(* Assume the standing assumptions below (Assumption A). Let $\alpha>0$, let $\varphi_i\in X_\alpha$ with $\varphi_i\ge0$ and $\tau_{i0}>0$ for $i=1,\dots,n$. Then the corresponding solution $(A_1,\dots,A_n)$ of the $n$-species system (S) is bounded on $[0,+\infty)$.
   Context: For $\alpha>0$, $X_\alpha:=\{\phi\in C((-\infty,0]): e^{-\alpha|\cdot|}\phi(\cdot)\in BUC((-\infty,0])\cap \mathrm{Lip}((-\infty,0])\}$ ($BUC$: bounded uniformly continuous, $\mathrm{Lip}$: Lipschitz). The $n$-species system (S): for $i=1,\dots,n$, $$A_i'(t)=-\mu_{A_i}A_i(t)+\beta_i e^{-\mu_{J_i}\tau_i(t)}\frac{f_i(Z_i(t))}{f_i(Z_i(t-\tau_i(t)))}A_i(t-\tau_i(t)),\quad t\ge0,$$ $$\int_{t-\tau_i(t)}^{t}f_i(Z_i(\sigma))\,d\sigma=\int_{-\tau_{i0}}^{0}f_i(Z_{i\varphi}(\sigma))\,d\sigma,\quad t\ge0,$$ with $A_i(t)=\varphi_i(t)$ for $t\le0$, $\tau_i(0)=\tau_{i0}\ge0$, where $Z_i(t)=\sum_{j=1}^n\zeta_{ij}A_j(t)$, $Z_{i\varphi}(t)=\sum_{j=1}^n\zeta_{ij}\varphi_j(t)$, $\zeta_{ij}\ge0$. A solution consists of continuous $A_i:\mathbb{R}\to[0,\infty)$, differentiable on $[0,\infty)$, and $\tau_i:[0,\infty)\to[0,\infty)$ satisfying these equations for all $t\ge0$. Assumption A: for each $i$, (i) $\mu_{A_i}>0$, $\mu_{J_i}>0$, $\beta_i>0$, $\zeta_{ii}>0$; (ii) $f_i:\mathbb{R}\to(0,\infty)$ is Lipschitz continuous and continuously differentiable with $f_i>0$, $f_i'\le0$ on $\mathbb{R}$, $\lim_{x\to+\infty}f_i(x)=0$, and $\sup_{x\ge0}\frac{f_i(x)}{f_i(cx)}<+\infty$ for every $c\ge1$. *)

theory Defs
  imports "HOL-Analysis.Analysis"
begin

definition X_alpha :: "real \<Rightarrow> (real \<Rightarrow> real) \<Rightarrow> bool" where
  "X_alpha \<alpha> \<phi> \<longleftrightarrow>
     continuous_on {..0} \<phi> \<and>
     (let g = (\<lambda>s. exp (- \<alpha> * \<bar>s\<bar>) * \<phi> s) in
        bounded (g ` {..0}) \<and> uniformly_continuous_on {..0} g \<and>
        (\<exists>L. L-lipschitz_on {..0} g))"

definition assumption_A ::
  "nat \<Rightarrow> (nat \<Rightarrow> real) \<Rightarrow> (nat \<Rightarrow> real) \<Rightarrow> (nat \<Rightarrow> real) \<Rightarrow>
   (nat \<Rightarrow> nat \<Rightarrow> real) \<Rightarrow> (nat \<Rightarrow> real \<Rightarrow> real) \<Rightarrow> bool" where
  "assumption_A n muA muJ beta zeta f \<longleftrightarrow>
     (\<forall>i<n. muA i > 0 \<and> muJ i > 0 \<and> beta i > 0 \<and> zeta i i > 0 \<and>
        (\<forall>j<n. zeta i j \<ge> 0) \<and>
        (\<exists>L. L-lipschitz_on UNIV (f i)) \<and>
        (\<exists>f'. (\<forall>x. (f i has_real_derivative f' x) (at x)) \<and> continuous_on UNIV f' \<and>
              (\<forall>x. f' x \<le> 0)) \<and>
        (\<forall>x. f i x > 0) \<and>
        ((f i) \<longlongrightarrow> 0) at_top \<and>
        (\<forall>c\<ge>1. bdd_above ((\<lambda>x. f i x / f i (c * x)) ` {0..})))"

definition Zsum :: "nat \<Rightarrow> (nat \<Rightarrow> nat \<Rightarrow> real) \<Rightarrow> (nat \<Rightarrow> real \<Rightarrow> real) \<Rightarrow> nat \<Rightarrow> real \<Rightarrow> real" where
  "Zsum n zeta A i t = (\<Sum>j<n. zeta i j * A j t)"

definition is_solution_S ::
  "nat \<Rightarrow> (nat \<Rightarrow> real) \<Rightarrow> (nat \<Rightarrow> real) \<Rightarrow> (nat \<Rightarrow> real) \<Rightarrow>
   (nat \<Rightarrow> nat \<Rightarrow> real) \<Rightarrow> (nat \<Rightarrow> real \<Rightarrow> real) \<Rightarrow>
   (nat \<Rightarrow> real \<Rightarrow> real) \<Rightarrow> (nat \<Rightarrow> real) \<Rightarrow>
   (nat \<Rightarrow> real \<Rightarrow> real) \<Rightarrow> (nat \<Rightarrow> real \<Rightarrow> real) \<Rightarrow> bool" where
  "is_solution_S n muA muJ beta zeta f \<phi> tau0 A \<tau> \<longleftrightarrow>
     (\<forall>i<n.
        continuous_on UNIV (A i) \<and>
        (\<forall>t. A i t \<ge> 0) \<and>
        (\<forall>t\<le>0. A i t = \<phi> i t) \<and>
        \<tau> i 0 = tau0 i \<and>
        (\<forall>t\<ge>0. \<tau> i t \<ge> 0) \<and>
        (\<forall>t\<ge>0. (A i has_real_derivative
             (- muA i * A i t
              + beta i * exp (- muJ i * \<tau> i t)
                * (f i (Zsum n zeta A i t) / f i (Zsum n zeta A i (t - \<tau> i t)))
                * A i (t - \<tau> i t))) (at t within {0..})) \<and>
        (\<forall>t\<ge>0. integral {t - \<tau> i t..t} (\<lambda>s. f i (Zsum n zeta A i s))
                 = integral {- tau0 i..0} (\<lambda>s. f i (Zsum n zeta \<phi> i s))))"

end

theory Submission
  imports Defs
begin

text \<open>
  Suppose species i is the first to reach a large level M, at time t. Then A_i'(t) \<ge> 0, and as
  f_i is decreasing, the ratio f_i(Z_i(t)) / f_i(Z_i(t - \<tau>_i(t))) is bounded by the ratio condition
  of Assumption A. So the birth term can balance the death term \<mu>_A_i M only if the delay
  \<tau>_i(t) is shorter than a constant T and A_i(t - \<tau>_i(t)) is of order M. If t - \<tau>_i(t) < 0
  this contradicts the bounded history. Otherwise A_i, which decays at most exponentially,
  stays of order M on the whole delay window, so f_i(Z_i) is small there and its integral over
  the window falls below the value fixed by the threshold condition.
\<close>

lemma exp_decay_lower_bound:
  fixes g :: "real \<Rightarrow> real"
  assumes "a \<le> s" and cont: "continuous_on {a..s} g"
    and deriv: "\<And>x. x \<in> {a<..<s} \<Longrightarrow> \<exists>d. (g has_real_derivative d) (at x) \<and> - \<mu> * g x \<le> d"
  shows "g a * exp (- \<mu> * (s - a)) \<le> g s"
proof -
  have "g a * exp (\<mu> * a) \<le> g s * exp (\<mu> * s)"
  proof (rule DERIV_nonneg_imp_increasing_open[OF \<open>a \<le> s\<close>])
    fix x assume "a < x" "x < s"
    then obtain d where d: "(g has_real_derivative d) (at x)" "- \<mu> * g x \<le> d"
      using deriv by auto
    have "((\<lambda>x. g x * exp (\<mu> * x)) has_real_derivative (d + \<mu> * g x) * exp (\<mu> * x)) (at x)"
      by (auto intro!: derivative_eq_intros d(1) simp: algebra_simps)
    moreover have "(d + \<mu> * g x) * exp (\<mu> * x) \<ge> 0"
      using d(2) by simp
    ultimately show "\<exists>y. ((\<lambda>x. g x * exp (\<mu> * x)) has_real_derivative y) (at x) \<and> 0 \<le> y"
      by blast
  qed (intro continuous_intros cont)
  then show ?thesis
    by (simp add: algebra_simps exp_diff exp_minus divide_simps)
qed

lemma deriv_nonneg_at_left_max:
  fixes g :: "real \<Rightarrow> real"
  assumes "(g has_real_derivative l) (at t)" "a < t" "\<And>s. s \<in> {a..<t} \<Longrightarrow> g s \<le> g t"
  shows "0 \<le> l"
proof (rule ccontr)
  assume "\<not> 0 \<le> l"
  then obtain d where "d > 0" and dec: "\<And>h. 0 < h \<Longrightarrow> h < d \<Longrightarrow> g t < g (t - h)"
    using DERIV_neg_dec_left[OF assms(1)] by force
  define h where "h = min (d / 2) (t - a)"
  have "g t < g (t - h)" using \<open>d > 0\<close> \<open>a < t\<close> by (intro dec) (auto simp: h_def)
  moreover have "g (t - h) \<le> g t" using \<open>d > 0\<close> \<open>a < t\<close> by (intro assms(3)) (auto simp: h_def)
  ultimately show False by simp
qed

lemma first_hitting_time:
  fixes g :: "'i \<Rightarrow> real \<Rightarrow> real"
  assumes "finite I" and cont: "\<And>j. j \<in> I \<Longrightarrow> continuous_on {0..} (g j)"
    and "i \<in> I" "0 \<le> t" "M \<le> g i t"
  obtains ts k where "0 \<le> ts" "k \<in> I" "M \<le> g k ts"
    "\<And>j s. j \<in> I \<Longrightarrow> s \<in> {0..<ts} \<Longrightarrow> g j s < M"
proof -
  define S where "S = (\<Union>j\<in>I. {s \<in> {0..}. M \<le> g j s})"
  have "closed S"
    unfolding S_def using \<open>finite I\<close> cont
    by (intro closed_UN ballI continuous_on_closed_Collect_le continuous_on_const) auto
  moreover have "S \<noteq> {}" "bdd_below S"
    using assms(3-5) by (auto simp: S_def bdd_below_def)
  ultimately have "Inf S \<in> S" by (rule closed_contains_Inf[rotated -1])
  moreover have "g j s < M" if "j \<in> I" "s \<in> {0..<Inf S}" for j s
  proof (rule ccontr)
    assume "\<not> g j s < M"
    then have "s \<in> S" using that unfolding S_def by (force simp: not_less)
    then show False using cInf_lower[OF _ \<open>bdd_below S\<close>] that(2) by fastforce
  qed
  ultimately show ?thesis using that by (auto simp: S_def)
qed

lemma antimono_ratio_le_SUP:
  fixes f :: "real \<Rightarrow> real"
  assumes pos: "\<And>x. 0 < f x" and anti: "antimono f"
    and bdd: "bdd_above ((\<lambda>u. f u / f (c * u)) ` {0..})"
    and "0 \<le> u" "u \<le> x" "y \<le> c * u"
  shows "f x / f y \<le> (SUP u\<in>{0..}. f u / f (c * u))"
proof -
  have "f x / f y \<le> f u / f (c * u)"
    using pos assms(4-6) by (intro frac_le antimonoD[OF anti]) (auto simp: less_imp_le)
  also have "\<dots> \<le> (SUP u\<in>{0..}. f u / f (c * u))"
    using bdd \<open>0 \<le> u\<close> by (intro cSUP_upper) auto
  finally show ?thesis .
qed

##############################

▶ **What needs to be done**:
Retype exactly the lines from the one containing "ultimately show ?thesis" through the last line of the records above, including both.

▶ **Solved problem**:
  ultimately show ?thesis using that by (auto simp: S_def)
qed

lemma antimono_ratio_le_SUP:
  fixes f :: "real \<Rightarrow> real"
  assumes pos: "\<And>x. 0 < f x" and anti: "antimono f"
    and bdd: "bdd_above ((\<lambda>u. f u / f (c * u)) ` {0..})"
    and "0 \<le> u" "u \<le> x" "y \<le> c * u"
  shows "f x / f y \<le> (SUP u\<in>{0..}. f u / f (c * u))"
proof -
  have "f x / f y \<le> f u / f (c * u)"
    using pos assms(4-6) by (intro frac_le antimonoD[OF anti]) (auto simp: less_imp_le)
  also have "\<dots> \<le> (SUP u\<in>{0..}. f u / f (c * u))"
    using bdd \<open>0 \<le> u\<close> by (intro cSUP_upper) auto
  finally show ?thesis .
qed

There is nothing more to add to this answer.